lemma gauss_transcendental_frac_pow_sum:
  assumes S: "is_subfield S" and gauss: "gauss_transcendental v S f" and "f \<noteq> 0"
    and roots: "\<forall>k. \<exists>y. y ^ (p ^ k) = f"
    and Q: "finite Q" "Q \<noteq> {}" "\<forall>q\<in>Q. 0 \<le> q \<and> (\<exists>k. q * of_nat p ^ k \<in> \<int>)"
    and g: "\<And>q. q \<in> Q \<Longrightarrow> g q \<in> S"
  shows "v (\<Sum>q\<in>Q. g q * frac_pow p f q) = Max ((\<lambda>q. v (g q) * v f powr real_of_rat q) ` Q)"
proof -
  obtain nq k where nq: "\<And>q. q \<in> Q \<Longrightarrow> q = of_nat (nq q) / of_nat p ^ k"
    by (rule common_p_power_denominator[OF Q(1,3) p_pos], rule that)
  have inj: "inj_on nq Q"
    by (rule inj_onI) (metis nq)
  define N where "N = p ^ k"
  define h where "h q = v (g q) * v f powr real_of_rat q" for q
  have h: "h q ^ N = v (g q ^ N) * v f ^ nq q" if "q \<in> Q" for q
  proof -
    have "(v f powr real_of_rat q) ^ N = v (frac_pow p f q ^ N)"
      using v_frac_pow[OF \<open>f \<noteq> 0\<close> roots nq[OF that]] by simp
    then show ?thesis
      using frac_pow_power[OF roots nq[OF that]] unfolding h_def N_def by (simp add: power_mult_distrib)
  qed
  txt \<open>Raising to the power p^k clears the denominators of the exponents.\<close>
  have "(\<Sum>q\<in>Q. g q * frac_pow p f q) ^ N = (\<Sum>q\<in>Q. g q ^ N * f ^ nq q)"
    unfolding N_def p_power_sum power_mult_distrib
    by (intro sum.cong refl) (simp add: frac_pow_power[OF roots nq])
  then have "v (\<Sum>q\<in>Q. g q * frac_pow p f q) ^ N = v (\<Sum>q\<in>Q. g q ^ N * f ^ nq q)"
    by (metis v_power)
  also have "\<dots> = v (\<Sum>n\<in>nq ` Q. g (inv_into Q nq n) ^ N * f ^ n)"
    using inj by (simp add: sum.reindex)
  also have "\<dots> = Max ((\<lambda>n. v (g (inv_into Q nq n) ^ N) * v f ^ n) ` nq ` Q)"
    using Q g by (intro gauss_transcendentalD[OF gauss]) (auto simp: subfield_power_closed[OF S] inv_into_into)
  also have "(\<lambda>n. v (g (inv_into Q nq n) ^ N) * v f ^ n) ` nq ` Q = (\<lambda>q. h q ^ N) ` Q"
    unfolding image_image using inj h by (intro image_cong) (simp_all add: inv_into_f_f)
  finally have "v (\<Sum>q\<in>Q. g q * frac_pow p f q) ^ N = Max ((\<lambda>q. h q ^ N) ` Q)" .
  then have "v (\<Sum>q\<in>Q. g q * frac_pow p f q) = Max (h ` Q)"
    by (rule eq_Max_if_power_eq_Max_powers) (use Q(1,2) p_pos v_nonneg in \<open>simp_all add: N_def h_def\<close>)
  then show ?thesis
    unfolding h_def .
qed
★ ★ ★
[WORK INSTRUCTIONS]:
A verbatim copy of all the entries above is requested.

[OUTPUT FOR THIS TASK]:
lemma gauss_transcendental_frac_pow_sum:
  assumes S: "is_subfield S" and gauss: "gauss_transcendental v S f" and "f \<noteq> 0"
    and roots: "\<forall>k. \<exists>y. y ^ (p ^ k) = f"
    and Q: "finite Q" "Q \<noteq> {}" "\<forall>q\<in>Q. 0 \<le> q \<and> (\<exists>k. q * of_nat p ^ k \<in> \<int>)"
    and g: "\<And>q. q \<in> Q \<Longrightarrow> g q \<in> S"
  shows "v (\<Sum>q\<in>Q. g q * frac_pow p f q) = Max ((\<lambda>q. v (g q) * v f powr real_of_rat q) ` Q)"
proof -
  obtain nq k where nq: "\<And>q. q \<in> Q \<Longrightarrow> q = of_nat (nq q) / of_nat p ^ k"
    by (rule common_p_power_denominator[OF Q(1,3) p_pos], rule that)
  have inj: "inj_on nq Q"
    by (rule inj_onI) (metis nq)
  define N where "N = p ^ k"
  define h where "h q = v (g q) * v f powr real_of_rat q" for q
  have h: "h q ^ N = v (g q ^ N) * v f ^ nq q" if "q \<in> Q" for q
  proof -
    have "(v f powr real_of_rat q) ^ N = v (frac_pow p f q ^ N)"
      using v_frac_pow[OF \<open>f \<noteq> 0\<close> roots nq[OF that]] by simp
    then show ?thesis
      using frac_pow_power[OF roots nq[OF that]] unfolding h_def N_def by (simp add: power_mult_distrib)
  qed
  txt \<open>Raising to the power p^k clears the denominators of the exponents.\<close>
  have "(\<Sum>q\<in>Q. g q * frac_pow p f q) ^ N = (\<Sum>q\<in>Q. g q ^ N * f ^ nq q)"
    unfolding N_def p_power_sum power_mult_distrib
    by (intro sum.cong refl) (simp add: frac_pow_power[OF roots nq])
  then have "v (\<Sum>q\<in>Q. g q * frac_pow p f q) ^ N = v (\<Sum>q\<in>Q. g q ^ N * f ^ nq q)"
    by (metis v_power)
  also have "\<dots> = v (\<Sum>n\<in>nq ` Q. g (inv_into Q nq n) ^ N * f ^ n)"
    using inj by (simp add: sum.reindex)
  also have "\<dots> = Max ((\<lambda>n. v (g (inv_into Q nq n) ^ N) * v f ^ n) ` nq ` Q)"
    using Q g by (intro gauss_transcendentalD[OF gauss]) (auto simp: subfield_power_closed[OF S] inv_into_into)
  also have "(\<lambda>n. v (g (inv_into Q nq n) ^ N) * v f ^ n) ` nq ` Q = (\<lambda>q. h q ^ N) ` Q"
    unfolding image_image using inj h by (intro image_cong) (simp_all add: inv_into_f_f)
  finally have "v (\<Sum>q\<in>Q. g q * frac_pow p f q) ^ N = Max ((\<lambda>q. h q ^ N) ` Q)" .
  then have "v (\<Sum>q\<in>Q. g q * frac_pow p f q) = Max (h ` Q)"
    by (rule eq_Max_if_power_eq_Max_powers) (use Q(1,2) p_pos v_nonneg in \<open>simp_all add: N_def h_def\<close>)
  then show ?thesis
    unfolding h_def .
qed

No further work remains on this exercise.